lemma hom_poly_form_of_double_sum:
  fixes f :: "(nat \<Rightarrow> complex) \<Rightarrow> real" and C :: "(nat \<Rightarrow> nat) \<Rightarrow> (nat \<Rightarrow> nat) \<Rightarrow> complex"
  assumes f: "\<And>u. complex_of_real (f u) = (\<Sum>i\<in>{..<q} \<rightarrow>\<^sub>E {..<n}. \<Sum>j\<in>{..<q} \<rightarrow>\<^sub>E {..<n}.
                 C i j * (\<Prod>s<q. u (i s)) * (\<Prod>s<q. cnj (u (j s))))"
  shows "hom_poly_form n (2*q) f"
proof -
  define A where "A = {..<q} \<rightarrow>\<^sub>E {..<n}"
  define E where "E = {(a, b). a \<in> {..<n} \<rightarrow>\<^sub>E {..2*q} \<and> b \<in> {..<n} \<rightarrow>\<^sub>E {..2*q} \<and>
                               sum a {..<n} + sum b {..<n} = 2*q}"
  define e where "e p = (index_count q n (fst p), index_count q n (snd p))" for p
  define c where "c a b = (\<Sum>p\<in>{p \<in> A \<times> A. e p = (a, b)}. C (fst p) (snd p))" for a b
  define monomial where "monomial u ab = (\<Prod>l<n. u l ^ fst ab l * cnj (u l) ^ snd ab l)"
    for u :: "nat \<Rightarrow> complex" and ab
  have finite_E: "finite E"
    by (rule finite_subset[of _ "({..<n} \<rightarrow>\<^sub>E {..2*q}) \<times> ({..<n} \<rightarrow>\<^sub>E {..2*q})"])
       (auto simp: E_def finite_PiE)
  have e_image: "e ` (A \<times> A) \<subseteq> E"
  proof (rule image_subsetI)
    fix p assume "p \<in> A \<times> A"
    then have "fst p \<in> {..<q} \<rightarrow>\<^sub>E {..<n}" "snd p \<in> {..<q} \<rightarrow>\<^sub>E {..<n}"
      unfolding mem_Times_iff A_def by simp_all
    then show "e p \<in> E"
      unfolding e_def E_def by (simp add: index_count_in_PiE sum_index_count)
  qed
  have monomial_e: "monomial u (e (i, j)) = (\<Prod>s<q. u (i s)) * (\<Prod>s<q. cnj (u (j s)))"
    if "i \<in> A" "j \<in> A" for u i j
  proof -
    have "(\<Prod>s<q. u (i s)) = (\<Prod>l<n. u l ^ index_count q n i l)"
      using \<open>i \<in> A\<close> unfolding A_def by (rule prod_eq_prod_power_index_count)
    moreover have "(\<Prod>s<q. cnj (u (j s))) = (\<Prod>l<n. cnj (u l) ^ index_count q n j l)"
      using \<open>j \<in> A\<close> unfolding A_def by (rule prod_eq_prod_power_index_count)
    ultimately show ?thesis
      unfolding monomial_def e_def fst_conv snd_conv by (simp only: prod.distrib)
  qed
  have "(\<Sum>(a, b)\<in>E. c a b * monomial u (a, b)) = complex_of_real (f u)" for u
  proof -
    have "(\<Sum>(a, b)\<in>E. c a b * monomial u (a, b)) =
        (\<Sum>y\<in>E. \<Sum>p\<in>{p \<in> A \<times> A. e p = y}. C (fst p) (snd p) * monomial u (e p))"
      by (rule sum.cong) (auto simp: c_def sum_distrib_right)
    also have "\<dots> = (\<Sum>p\<in>A \<times> A. C (fst p) (snd p) * monomial u (e p))"
      using finite_E e_image by (intro sum.group) (auto simp: A_def finite_PiE)
    also have "\<dots> = (\<Sum>i\<in>A. \<Sum>j\<in>A. C i j * monomial u (e (i, j)))"
      by (simp add: sum.cartesian_product case_prod_beta')
    also have "\<dots> = (\<Sum>i\<in>A. \<Sum>j\<in>A. C i j * (\<Prod>s<q. u (i s)) * (\<Prod>s<q. cnj (u (j s))))"
      by (intro sum.cong refl) (simp add: monomial_e mult.assoc)
    finally show ?thesis
      using f A_def by simp
  qed
  then have "\<forall>u. complex_of_real (f u) =
      (\<Sum>(a, b)\<in>E. c a b * (\<Prod>l<n. u l ^ a l * cnj (u l) ^ b l))"
    unfolding monomial_def by simp
  then show ?thesis
    unfolding hom_poly_form_def E_def by blast
qed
....
Exercise brief :: Check every line of the records, and copy the ones that hold the word "also".

Answer for the task ::
    also have "\<dots> = (\<Sum>p\<in>A \<times> A. C (fst p) (snd p) * monomial u (e p))"
    also have "\<dots> = (\<Sum>i\<in>A. \<Sum>j\<in>A. C i j * monomial u (e (i, j)))"
    also have "\<dots> = (\<Sum>i\<in>A. \<Sum>j\<in>A. C i j * (\<Prod>s<q. u (i s)) * (\<Prod>s<q. cnj (u (j s))))"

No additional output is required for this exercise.